Winter is an excellent time to dream about next year’s garden. With one’s feet up, a cup of steaming tea in hand, ones wintry-padded (*sigh*), comfy body not too far from the wood stove, anything seems possible. Wait, let’s not stop there: seed catalogs strewn around, a spreadsheet or two up on the computer (see, Gene, I’m learning) last year’s seed packets in hand, and a good long evening ahead of one = garden dreaming at its best. Garden tips and lessons that have been learned throughout the year are not forgotten, either. By one. Because one (yours truly) scribbled down notes for blog posts, all last summer. And that’s what this blog post is about.
During the cold months when one longs for sunshine, the pungent smell of earth, growing things, and ripe tomatoes, one almost forgets the ceaseless fight against the bugs, the disappointing loss of plants, the weather-related horrors, the overweening heat, the crop failure puzzlements, the lack of moisture. One day we got three inches of rain in ten minutes and my entire radish crop was washed down into the pond (one is not making that up!).

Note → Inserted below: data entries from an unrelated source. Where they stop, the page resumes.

lemma Phi_axis_step_offdiag_nonneg:
  assumes a: "a \<in> cube y0 \<delta>" and b: "b \<in> cube y0 \<delta>" and bd: "b = a + h *\<^sub>R axis l (1::real)"
    and h: "h > 0" and kl: "k \<noteq> l"
  shows "Phi J K b $ k - Phi J K a $ k \<ge> 0"
proof -
  have "0 \<le> Phi J K b $ k - Phi J K a $ k"
  proof (rule le_of_le_plus_eta[of "2 * (real CARD('n) + 1)"])
    fix \<eta> :: real assume eta: "0 < \<eta>" "\<eta> \<le> 1"
    define \<tau> where "\<tau> i = (if i = k then 1 else (0::real))" for i
    have tau: "\<bar>\<tau> i\<bar> \<le> 1" for i unfolding \<tau>_def by auto
    obtain w where w: "\<And>j. j \<le> CARD('n) \<Longrightarrow> near_max_pair a b j (w j)"
      and ineq: "(\<Sum>m<CARD('n). \<tau> (idx_of (Suc m)) * (kdiff a b (w (Suc m)) - kdiff a b (w m))) - 2 * (real CARD('n) + 1) * \<eta>
        \<le> (\<Sum>i\<in>UNIV. \<tau> i * (Phi J K b $ i - Phi J K a $ i))"
      using Phi_diff_weighted_lower[OF a b, of \<tau> \<eta>, OF tau eta] by (elim exE conjE) auto
    have lhs: "(\<Sum>i\<in>UNIV. \<tau> i * (Phi J K b $ i - Phi J K a $ i)) = Phi J K b $ k - Phi J K a $ k"
    proof -
      have "(\<Sum>i\<in>UNIV. \<tau> i * (Phi J K b $ i - Phi J K a $ i)) = (\<Sum>i\<in>UNIV. if i = k then Phi J K b $ i - Phi J K a $ i else 0)"
        by (rule sum.cong) (auto simp: \<tau>_def)
      then show ?thesis by simp
    qed
    have main: "(\<Sum>m<CARD('n). \<tau> (idx_of (Suc m)) * (kdiff a b (w (Suc m)) - kdiff a b (w m))) =
        kdiff a b (w (Suc (idx_pos k))) - kdiff a b (w (idx_pos k))"
      using sum_indicator_idx_of[of k "\<lambda>m. kdiff a b (w (Suc m)) - kdiff a b (w m)"] unfolding \<tau>_def by simp
    have Gd: "kdiff a b w' - kdiff a b w'' = - h * (kslope a b l w' - kslope a b l w'')" for w' w''
    proof -
      have "kdiff a b w' - kdiff a b w'' = (\<Sum>i\<in>UNIV. if i = l then - h * (kslope a b i w' - kslope a b i w'') else 0)"
        unfolding kdiff_diff by (rule sum.cong) (auto simp: axis_step_diff[OF bd])
      then show ?thesis by simp
    qed
    have pk: "idx_pos k < CARD('n)" "idx_pos k \<noteq> idx_pos l"
      using idx_pos_lt[of k] kl idx_of_idx_pos[of k] idx_of_idx_pos[of l] by metis+
    have "kslope a b l (w (Suc (idx_pos k))) \<le> kslope a b l (w (idx_pos k))"
      by (rule kslope_antimono[OF a b pk(1) w w pk(2)]) (use pk in auto)
    then have "0 \<le> kdiff a b (w (Suc (idx_pos k))) - kdiff a b (w (idx_pos k))"
      unfolding Gd using h by (simp add: mult_nonneg_nonpos)
    then show "0 - 2 * (real CARD('n) + 1) * \<eta> \<le> Phi J K b $ k - Phi J K a $ k"
      using ineq lhs main by linarith
  qed simp
  then show ?thesis by simp
qed

lemma Phi_axis_step_colsum_le:
  assumes a: "a \<in> cube y0 \<delta>" and b: "b \<in> cube y0 \<delta>" and bd: "b = a + h *\<^sub>R axis l (1::real)"
    and h: "h > 0"
  shows "(\<Sum>k\<in>UNIV. Phi J K b $ k - Phi J K a $ k) \<le> - kslope_gap * h"
proof -
  have "h * kslope_gap \<le> - (\<Sum>k\<in>UNIV. Phi J K b $ k - Phi J K a $ k)"
  proof (rule le_of_le_plus_eta[of "2 * (real CARD('n) + 1)"])
    fix \<eta> :: real assume eta: "0 < \<eta>" "\<eta> \<le> 1"
    define \<tau> where "\<tau> i = (-1::real)" for i :: 'n
    have tau: "\<bar>\<tau> i\<bar> \<le> 1" for i unfolding \<tau>_def by auto
    obtain w where w: "\<And>j. j \<le> CARD('n) \<Longrightarrow> near_max_pair a b j (w j)"
      and ineq: "(\<Sum>m<CARD('n). \<tau> (idx_of (Suc m)) * (kdiff a b (w (Suc m)) - kdiff a b (w m))) - 2 * (real CARD('n) + 1) * \<eta>
        \<le> (\<Sum>i\<in>UNIV. \<tau> i * (Phi J K b $ i - Phi J K a $ i))"
      using Phi_diff_weighted_lower[OF a b, of \<tau> \<eta>, OF tau eta] by (elim exE conjE) auto
    have lhs: "(\<Sum>i\<in>UNIV. \<tau> i * (Phi J K b $ i - Phi J K a $ i)) = - (\<Sum>k\<in>UNIV. Phi J K b $ k - Phi J K a $ k)"
      unfolding \<tau>_def by (simp add: sum_subtractf)
    have "(\<Sum>m<CARD('n). \<tau> (idx_of (Suc m)) * (kdiff a b (w (Suc m)) - kdiff a b (w m))) =
        - (\<Sum>m<CARD('n). kdiff a b (w (Suc m)) - kdiff a b (w m))"
      unfolding \<tau>_def by (simp add: sum_subtractf)
    also have "\<dots> = - (kdiff a b (w CARD('n)) - kdiff a b (w 0))" using sum_lessThan_telescope[of "\<lambda>m. kdiff a b (w m)"]
      by simp
    finally have main: "(\<Sum>m<CARD('n). \<tau> (idx_of (Suc m)) * (kdiff a b (w (Suc m)) - kdiff a b (w m))) =
        - (kdiff a b (w CARD('n)) - kdiff a b (w 0))" .
    have Gd: "kdiff a b w' - kdiff a b w'' = - h * (kslope a b l w' - kslope a b l w'')" for w' w''
    proof -
      have "kdiff a b w' - kdiff a b w'' = (\<Sum>i\<in>UNIV. if i = l then - h * (kslope a b i w' - kslope a b i w'') else 0)"
        unfolding kdiff_diff by (rule sum.cong) (auto simp: axis_step_diff[OF bd])
      then show ?thesis by simp
    qed
    have ne: "a$l \<noteq> b$l" using axis_step_diff[OF bd, of l] h by auto
    have "kslope a b l (w CARD('n)) \<ge> kslope a b l (w 0) + kslope_gap" by (rule kslope_gap_across[OF a b w w ne]) auto
    then have "h * kslope_gap \<le> h * (kslope a b l (w CARD('n)) - kslope a b l (w 0))" using h by (intro mult_left_mono) auto
    then show "h * kslope_gap - 2 * (real CARD('n) + 1) * \<eta> \<le> - (\<Sum>k\<in>UNIV. Phi J K b $ k - Phi J K a $ k)"
      using ineq lhs main Gd[of "w CARD('n)" "w 0"] by linarith
  qed simp
  then show ?thesis by (simp add: algebra_simps)
qed
lemma H_subdiff_locally_bounded:
  fixes \<Omega> :: "'n::finite heis set" and u :: "'n heis \<Rightarrow> real"
  assumes \<Omega>: "open \<Omega>" and u: "continuous_on \<Omega> u" and "\<xi>0 \<in> \<Omega>"
  shows "\<exists>\<delta>>0. bounded (\<Union>\<xi>\<in>\<Omega> \<inter> ball \<xi>0 \<delta>. H_subdiff \<Omega> u \<xi>)"
proof -
  obtain r where r: "r > 0" "cball \<xi>0 r \<subseteq> \<Omega>"
    using open_contains_cball \<Omega> \<open>\<xi>0 \<in> \<Omega>\<close> by blast
  have "bounded (u ` cball \<xi>0 r)"
    by (intro compact_imp_bounded compact_continuous_image continuous_on_subset[OF u r(2)]) simp
  then obtain M where M: "\<And>\<eta>. \<eta> \<in> cball \<xi>0 r \<Longrightarrow> \<bar>u \<eta>\<bar> \<le> M"
    unfolding bounded_real by blast
  define C where "C = 2 + 4 * (norm \<xi>0 + r)"
  define s where "s = r / (2 * C)"
  have "C > 0"
    using r(1) by (simp add: C_def add_pos_nonneg)
  then have s: "s > 0" and s_scale: "s * C = r / 2"
    using r(1) by (simp_all add: s_def)
  have p_bound: "norm p \<le> 2 * M / s" if \<xi>: "\<xi> \<in> ball \<xi>0 (r / 2)" and p: "p \<in> H_subdiff \<Omega> u \<xi>" for \<xi> p
  proof -
    have \<xi>_in: "\<xi> \<in> cball \<xi>0 r"
      using \<xi> zero_le_dist[of \<xi>0 \<xi>] unfolding mem_ball mem_cball by linarith
    have "norm \<xi> \<le> norm \<xi>0 + r"
      using \<xi> r(1) norm_triangle_ineq3[of \<xi> \<xi>0] by (simp add: dist_norm norm_minus_commute)
    have lift_in: "horiz_lift \<xi> v \<in> cball \<xi>0 r" if "norm v \<le> s" for v
    proof -
      have "dist (horiz_lift \<xi> v) \<xi> \<le> norm v * (2 + 4 * norm \<xi>)"
        using norm_horiz_lift_diff_le by (simp add: dist_norm)
      also have "\<dots> \<le> s * C"
        unfolding C_def using that \<open>norm \<xi> \<le> norm \<xi>0 + r\<close> s by (intro mult_mono) auto
      finally show ?thesis
        using \<xi> s_scale dist_triangle[of \<xi>0 "horiz_lift \<xi> v" \<xi>] by (simp add: dist_commute)
    qed
    have "horiz_lift \<xi> v \<in> \<Omega> \<and> u (horiz_lift \<xi> v) \<le> M" if "norm v \<le> s" for v
      using lift_in[OF that] r(2) M[OF lift_in[OF that]] by auto
    then have "s * norm p \<le> M - u \<xi>"
      by (rule norm_H_subdiff_le[OF p less_imp_le[OF s]])
    then show ?thesis
      using M[OF \<xi>_in] s by (simp add: pos_le_divide_eq mult.commute)
  qed
  have "bounded (\<Union>\<xi>\<in>\<Omega> \<inter> ball \<xi>0 (r / 2). H_subdiff \<Omega> u \<xi>)"
    unfolding bounded_iff by (rule exI[of _ "2 * M / s"]) (use p_bound in blast)
  then show ?thesis
    using r(1) by (intro exI[of _ "r / 2"]) simp
qed

theorem proposition2p2:
  fixes \<Omega> :: "'n::finite heis set" and u :: "'n heis \<Rightarrow> real"
  assumes "open \<Omega>" and "continuous_on \<Omega> u"
    and "\<forall>\<xi>\<in>\<Omega>. H_subdiff \<Omega> u \<xi> \<noteq> {}"
  shows "usc_on \<Omega> (H_subdiff \<Omega> u)
    \<and> (\<forall>K. compact K \<and> K \<subseteq> \<Omega> \<longrightarrow> compact (\<Union>\<xi>\<in>K. H_subdiff \<Omega> u \<xi>))"
proof -
  note graph = H_subdiff_closed_graph[OF assms(1,2)]
    and bdd = H_subdiff_locally_bounded[OF assms(1,2)]
  have "usc_on \<Omega> (H_subdiff \<Omega> u)"
    by (rule usc_on_if_closed_graph_locally_bounded) (fact graph bdd)+
  moreover have "compact (\<Union>\<xi>\<in>K. H_subdiff \<Omega> u \<xi>)" if "compact K" "K \<subseteq> \<Omega>" for K
    by (rule compact_UN_if_closed_graph_locally_bounded[OF _ _ that]) (fact graph bdd)+
  ultimately show ?thesis
    by blast
qed

end
(* In the setting of a joint distribution $p(X,C)$ on finite $\mathcal X\times\mathcal C$, let $\epsilon>0$, $\Delta=\frac{\epsilon}{4(1+|\mathcal C|)}$ and let $J$ be a positive integer with $J\ge\frac{4(1+|\mathcal C|)}{\epsilon}\ln\frac{8(1+|\mathcal C|)}{\epsilon}$. For $x\in\mathcal X$ define $$\eta_1(\mathbf x)=\bigoplus_{j=1}^J\tau(p(x),w_j,j)\oplus\bigoplus_{j=1}^J\bigoplus_{c\in\mathcal C}\tau(p(c,x),w_j,j),\qquad \eta_2(\mathbf x)=\bigoplus_{j=1}^J\tau(p(x),w_j,j)\oplus\bigoplus_{j=1}^J\bigoplus_{c\in\mathcal C}\big(-\tau(p(c,x),w_j,j)\big),$$ where $p(x)=\sum_{c}p(c,x)$. Then for all $x,y\in\mathcal X$ with $x\ne y$, $\left|\mathrm{MIL}(\mathbf x,\mathbf y)-\langle\eta_1(\mathbf x),\eta_2(\mathbf y)\rangle\right|\le\epsilon$.
   Context: $\mathbf x=[p(c,x)]_{c\in\mathcal C}$. $\mathrm{MIL}(\mathbf x,\mathbf y)=I(X;C)-I(\pi_{x,y}(X);C)$, where $\pi_{x,y}$ merges $x$ and $y$ into a single new value and fixes all other values. $\rho(w)=\frac{2\,\mathrm{sech}(\pi w)}{1+4w^2}$, $w_j=(j-\frac12)\Delta$, and for $u\in(0,1]$, $\tau(u,w,j)=\left[\cos(w\ln u)\sqrt{2u\int_{(j-1)\Delta}^{j\Delta}\rho},\ \sin(w\ln u)\sqrt{2u\int_{(j-1)\Delta}^{j\Delta}\rho}\right]\in\mathbb R^2$, with $\tau(0,w,j)=(0,0)$. $\bigoplus$ denotes concatenation and $\langle\cdot,\cdot\rangle$ the Euclidean inner product. *)

theory Defs
  imports "HOL-Analysis.Analysis"
begin

text \<open>Joint distribution p(c,x) on finite C x X is a function p :: 'c => 'x => real.\<close>

definition marg_X :: "('c::finite \<Rightarrow> 'u \<Rightarrow> real) \<Rightarrow> 'u \<Rightarrow> real" where
  "marg_X q u = (\<Sum>c\<in>UNIV. q c u)"

definition marg_C :: "('c \<Rightarrow> 'u::finite \<Rightarrow> real) \<Rightarrow> 'c \<Rightarrow> real" where
  "marg_C q c = (\<Sum>u\<in>UNIV. q c u)"

definition mutual_inf :: "('c::finite \<Rightarrow> 'u::finite \<Rightarrow> real) \<Rightarrow> real" where
  "mutual_inf q = (\<Sum>u\<in>UNIV. \<Sum>c\<in>UNIV.
      if q c u = 0 then 0 else q c u * ln (q c u / (marg_X q u * marg_C q c)))"

text \<open>pi_{x,y}: merges x and y into the single new value None, and maps every other z to Some z.\<close>
definition merge_map :: "'x \<Rightarrow> 'x \<Rightarrow> 'x \<Rightarrow> 'x option" where
  "merge_map x y z = (if z = x \<or> z = y then None else Some z)"

definition merged_dist :: "('c \<Rightarrow> 'x::finite \<Rightarrow> real) \<Rightarrow> 'x \<Rightarrow> 'x \<Rightarrow> 'c \<Rightarrow> 'x option \<Rightarrow> real" where
  "merged_dist p x y c u = (\<Sum>z\<in>{z. merge_map x y z = u}. p c z)"

definition MIL :: "('c::finite \<Rightarrow> 'x::finite \<Rightarrow> real) \<Rightarrow> 'x \<Rightarrow> 'x \<Rightarrow> real" where
  "MIL p x y = mutual_inf p - mutual_inf (merged_dist p x y)"

definition sech :: "real \<Rightarrow> real" where
  "sech t = 1 / cosh t"

definition rho :: "real \<Rightarrow> real" where
  "rho w = 2 * sech (pi * w) / (1 + 4 * w\<^sup>2)"

definition wpt :: "real \<Rightarrow> nat \<Rightarrow> real" where
  "wpt \<Delta> j = (real j - 1/2) * \<Delta>"

text \<open>tau(u,w,j) in R^2, represented as a list of length 2.\<close>
definition tau :: "real \<Rightarrow> real \<Rightarrow> real \<Rightarrow> nat \<Rightarrow> real list" where
  "tau \<Delta> u w j =
     (if u = 0 then [0, 0]
      else [cos (w * ln u) * sqrt (2 * u * integral {(real j - 1) * \<Delta> .. real j * \<Delta>} rho),
            sin (w * ln u) * sqrt (2 * u * integral {(real j - 1) * \<Delta> .. real j * \<Delta>} rho)])"

text \<open>Concatenation is list append; the c-blocks are ordered by the enumeration of the finite type 'c.\<close>
definition eta1 :: "real \<Rightarrow> nat \<Rightarrow> ('c::enum \<Rightarrow> 'x \<Rightarrow> real) \<Rightarrow> 'x \<Rightarrow> real list" where
  "eta1 \<Delta> J p x =
     concat (map (\<lambda>j. tau \<Delta> (\<Sum>c\<in>UNIV. p c x) (wpt \<Delta> j) j) [1..<J+1])
     @ concat (map (\<lambda>j. concat (map (\<lambda>c. tau \<Delta> (p c x) (wpt \<Delta> j) j) Enum.enum)) [1..<J+1])"

definition eta2 :: "real \<Rightarrow> nat \<Rightarrow> ('c::enum \<Rightarrow> 'x \<Rightarrow> real) \<Rightarrow> 'x \<Rightarrow> real list" where
  "eta2 \<Delta> J p x =
     concat (map (\<lambda>j. tau \<Delta> (\<Sum>c\<in>UNIV. p c x) (wpt \<Delta> j) j) [1..<J+1])
     @ concat (map (\<lambda>j. concat (map (\<lambda>c. map uminus (tau \<Delta> (p c x) (wpt \<Delta> j) j)) Enum.enum)) [1..<J+1])"

definition list_inner :: "real list \<Rightarrow> real list \<Rightarrow> real" where
  "list_inner a b = sum_list (map2 (*) a b)"

end

theory Submission
  imports Defs "HOL-Complex_Analysis.Complex_Analysis" "HOL-Real_Asymp.Real_Asymp"
begin

text \<open>
  Put K(a,b) = (a+b) ln(a+b) - a ln a - b ln b. Merging x and y does not change the marginal of C,
  so MIL(x,y) = K(p(x),p(y)) - (SUM c. K(p(c,x),p(c,y))). For a, b > 0 the term K(a,b) is an integral,
  K(a,b) = 2 sqrt(ab) INT_0^oo rho(w) cos(w ln(a/b)) dw: this follows from the Fourier transform
  INT_0^oo sech(pi w) cos(t w) dw = 1/(2 cosh(t/2)), computed with the residue at i/2 on a rectangle,
  together with INT_0^oo e^(-s/2) cos(s w) ds = 2/(1+4w^2) and Fubini.
  The features are built so that <tau(u,w_j,j), tau(v,w_j,j)> = 2 sqrt(uv) R_j cos(w_j ln(u/v)) with
  R_j the mass of rho on the j-th bin, and the sign flip in eta2 produces the difference of the two
  terms of MIL. Hence <eta1(x), eta2(y)> is the same expression with every integral replaced by a
  midpoint sum truncated at J Delta. Truncation costs (4/3) e^(-J Delta) and the midpoint rule
  (2/3) Delta |ln(a/b)|; as 2 sqrt(ab) <= a+b and sqrt(ab) |ln(a/b)| <= 2(a+b), every K-term is
  approximated to within (4/3)(a+b)(e^(-J Delta) + 2 Delta), and p(x) + p(y) <= 1 together with the
  choice of Delta and J turns the total into at most epsilon.
\<close>

lemma has_integral_real_derivative:
  assumes "a \<le> b" "\<And>x. x \<in> {a..b} \<Longrightarrow> (F has_real_derivative f x) (at x)"
  shows "(f has_integral (F b - F a)) {a..b}"
  by (rule fundamental_theorem_of_calculus)
     (use assms in \<open>auto simp: has_real_derivative_iff_has_vector_derivative[symmetric]
                          intro: has_field_derivative_at_within\<close>)

lemma integral_symmetric_even:
  fixes f :: "real \<Rightarrow> real"
  assumes "N \<ge> 0" "continuous_on UNIV f" "\<And>x. f (- x) = f x"
  shows "integral {-N..N} f = 2 * integral {0..N} f"
proof -
  have int: "f integrable_on {a..b}" for a b
    using assms(2) by (intro integrable_continuous_interval) (rule continuous_on_subset, auto)
  hence "(f has_integral integral {0..N} f) {0..N}" by blast
  hence "((\<lambda>x. f (- x)) has_integral integral {0..N} f) {-N..-0}"
    using has_integral_reflect_real by blast
  hence "integral {-N..0} f = integral {0..N} f"
    using assms(3) by (simp add: integral_unique)
  moreover have "integral {-N..N} f = integral {-N..0} f + integral {0..N} f"
    using Henstock_Kurzweil_Integration.integral_combine[of "-N" 0 N f] int assms(1) by simp
  ultimately show ?thesis by simp
qed

lemma sum_integral_bins:
  fixes f :: "real \<Rightarrow> real"
  assumes D: "\<Delta> \<ge> 0" and f: "continuous_on UNIV f"
  shows "(\<Sum>j=1..J. integral {(real j - 1) * \<Delta> .. real j * \<Delta>} f) = integral {0..real J * \<Delta>} f"
proof (induction J)
  case 0 thus ?case by simp
next
  case (Suc J)
  have int: "f integrable_on {0..real (Suc J) * \<Delta>}"
    using f by (intro integrable_continuous_interval) (rule continuous_on_subset, auto)
  have "integral {0..real (Suc J) * \<Delta>} f
      = integral {0..real J * \<Delta>} f + integral {real J * \<Delta>..real (Suc J) * \<Delta>} f"
    using Henstock_Kurzweil_Integration.integral_combine[of 0 "real J * \<Delta>" "real (Suc J) * \<Delta>" f] int D
    by (simp add: mult_right_mono)
  thus ?case using Suc by simp
qed

lemma abs_cos_diff_le: "\<bar>cos u - cos v\<bar> \<le> \<bar>u - v::real\<bar>"
proof -
  have "\<bar>cos u - cos v\<bar> = 2 * \<bar>sin ((u + v) / 2)\<bar> * \<bar>sin ((v - u) / 2)\<bar>"
    by (simp add: cos_diff_cos abs_mult)
  also have "\<dots> \<le> 2 * 1 * \<bar>(v - u) / 2\<bar>"
    by (intro mult_mono abs_sin_x_le_abs_x) auto
  finally show ?thesis by simp
qed

lemma sqrt_mult_abs_ln_diff_le:
  assumes a: "a > 0" and b: "b > 0"
  shows "sqrt (a * b) * \<bar>ln a - ln b\<bar> \<le> 2 * (a + b)"
proof -
  have main: "sqrt (u * v) * (ln u - ln v) \<le> 2 * u" if u: "u > 0" and v: "v > 0" and uv: "v \<le> u" for u v
  proof -
    define x where "x = sqrt u"
    define y where "y = sqrt v"
    have x: "x > 0" and y: "y > 0" using u v by (auto simp: x_def y_def)
    have yx: "y \<le> x" unfolding x_def y_def using uv by simp
    have lnu: "ln u - ln v = 2 * ln (x / y)"
      using u v x y by (simp add: x_def y_def ln_div ln_sqrt)
    have "ln (x / y) \<le> x / y - 1" using x y by (intro ln_le_minus_one) simp
    hence "x * y * ln (x / y) \<le> x * y * (x / y - 1)" using x y by (intro mult_left_mono) auto
    also have "\<dots> = x * (x - y)" using y by (simp add: field_simps)
    also have "\<dots> \<le> x * x" using x y by (simp add: mult_left_mono)
    finally have "x * y * ln (x / y) \<le> x * x" .
    moreover have "sqrt (u * v) = x * y" unfolding x_def y_def by (simp add: real_sqrt_mult)
    moreover have "x * x = u" unfolding x_def using u by simp
    ultimately show ?thesis unfolding lnu by simp
  qed
  show ?thesis
  proof (cases "b \<le> a")
    case True
    have "ln b \<le> ln a" using True b by simp
    hence "\<bar>ln a - ln b\<bar> = ln a - ln b" by simp
    thus ?thesis using main[OF a b True] b by simp
  next
    case False
    have "ln a \<le> ln b" using False a by simp
    hence "\<bar>ln a - ln b\<bar> = ln b - ln a" by simp
    thus ?thesis using main[OF b a] False a by (simp add: mult.commute)
  qed
qed

lemma sech_altdef: "sech x = 2 / (exp x + exp (- x))"
  unfolding sech_def cosh_def by (simp add: divide_simps)

lemma sech_pos: "sech x > 0"
  unfolding sech_altdef by (simp add: add_pos_pos)

lemma sech_minus: "sech (- x) = sech x"
  unfolding sech_def by simp

lemma sech_le_1: "sech x \<le> 1"
  unfolding sech_def using cosh_real_ge_1[of x] by simp

lemma sech_le_exp: "sech x \<le> 2 * exp (- x)"
proof -
  have "2 / (exp x + exp (- x)) \<le> 2 / exp x"
    by (rule divide_left_mono) (auto simp: add_pos_pos)
  thus ?thesis unfolding sech_altdef by (simp add: exp_minus field_simps)
qed

lemma continuous_on_sech [continuous_intros]:
  "continuous_on A f \<Longrightarrow> continuous_on A (\<lambda>x. sech (f x))"
  unfolding sech_def by (intro continuous_intros) simp_all

section \<open>Mutual information lost by merging two values\<close>

definition xlnx :: "real \<Rightarrow> real" where "xlnx t = t * ln t"

definition merge_loss :: "real \<Rightarrow> real \<Rightarrow> real" where "merge_loss a b = xlnx (a + b) - xlnx a - xlnx b"

lemma xlnx_0 [simp]: "xlnx 0 = 0" unfolding xlnx_def by simp

lemma merge_loss_zero: "u = 0 \<or> v = 0 \<Longrightarrow> merge_loss u v = 0"
  unfolding merge_loss_def xlnx_def by auto

lemma mutual_inf_eq_xlnx:
  fixes q :: "'c::finite \<Rightarrow> 'u::finite \<Rightarrow> real"
  assumes nn: "\<And>c u. q c u \<ge> 0"
  shows "mutual_inf q = (\<Sum>u\<in>UNIV. \<Sum>c\<in>UNIV. xlnx (q c u))
           - (\<Sum>u\<in>UNIV. xlnx (marg_X q u)) - (\<Sum>c\<in>UNIV. xlnx (marg_C q c))"
proof -
  have tm: "(if q c u = 0 then 0 else q c u * ln (q c u / (marg_X q u * marg_C q c)))
      = xlnx (q c u) - q c u * ln (marg_X q u) - q c u * ln (marg_C q c)" for c u
  proof (cases "q c u = 0")
    case True thus ?thesis by simp
  next
    case False
    hence qp: "q c u > 0" using nn[of c u] by simp
    have "q c u \<le> marg_X q u" unfolding marg_X_def by (rule member_le_sum) (use nn in auto)
    hence X: "marg_X q u > 0" using qp by simp
    have "q c u \<le> marg_C q c" unfolding marg_C_def by (rule member_le_sum) (use nn in auto)
    hence C: "marg_C q c > 0" using qp by simp
    have lneq: "ln (q c u / (marg_X q u * marg_C q c)) = ln (q c u) - ln (marg_X q u) - ln (marg_C q c)"
      using qp X C by (simp add: ln_div ln_mult)
    have "q c u * ln (q c u / (marg_X q u * marg_C q c)) = xlnx (q c u) - q c u * ln (marg_X q u) - q c u * ln (marg_C q c)"
      unfolding xlnx_def lneq by (simp add: right_diff_distrib)
    thus ?thesis using False by simp
  qed
  have s1: "(\<Sum>u\<in>UNIV. \<Sum>c\<in>UNIV. q c u * ln (marg_X q u)) = (\<Sum>u\<in>UNIV. xlnx (marg_X q u))"
    unfolding xlnx_def marg_X_def by (simp add: sum_distrib_right)
  have s2: "(\<Sum>u\<in>UNIV. \<Sum>c\<in>UNIV. q c u * ln (marg_C q c)) = (\<Sum>c\<in>UNIV. xlnx (marg_C q c))"
    by (subst sum.swap) (simp add: xlnx_def marg_C_def sum_distrib_right)
  show ?thesis unfolding mutual_inf_def tm
    by (simp add: sum_subtractf s1 s2)
qed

No, indeed. Nobody remembers those awful events during the long, gray winter months. Well. Maybe just barely, but not sharply. One remembers the flowers that were prettier than even the seed envelope showed. Also, one will recall eating so many cherry tomatoes every afternoon that one never felt like making supper, ever. Ever, ever. Memories of bringing to the house baskets of greens for salads and stir-fries, along with cucumbers and green beans and herbs also fill one’s heart, as if it happened in another world. Did I just dream such riches? Such bounty in a warm, verdant and lush world, of another universe entirely.
Not this frozen, brown and gray and white world of snow, ice, drizzle and chillblains. Frosted toes. Pulling on twenty-three layers every morning, and peeling them all off at night. Not wanting to pull off the twenty-three layers because maybe you’ve been gone all day and the house is cold.
It’s beautiful, of course. Winter. Well, when there’s snow, it is beautiful. But I live for summer.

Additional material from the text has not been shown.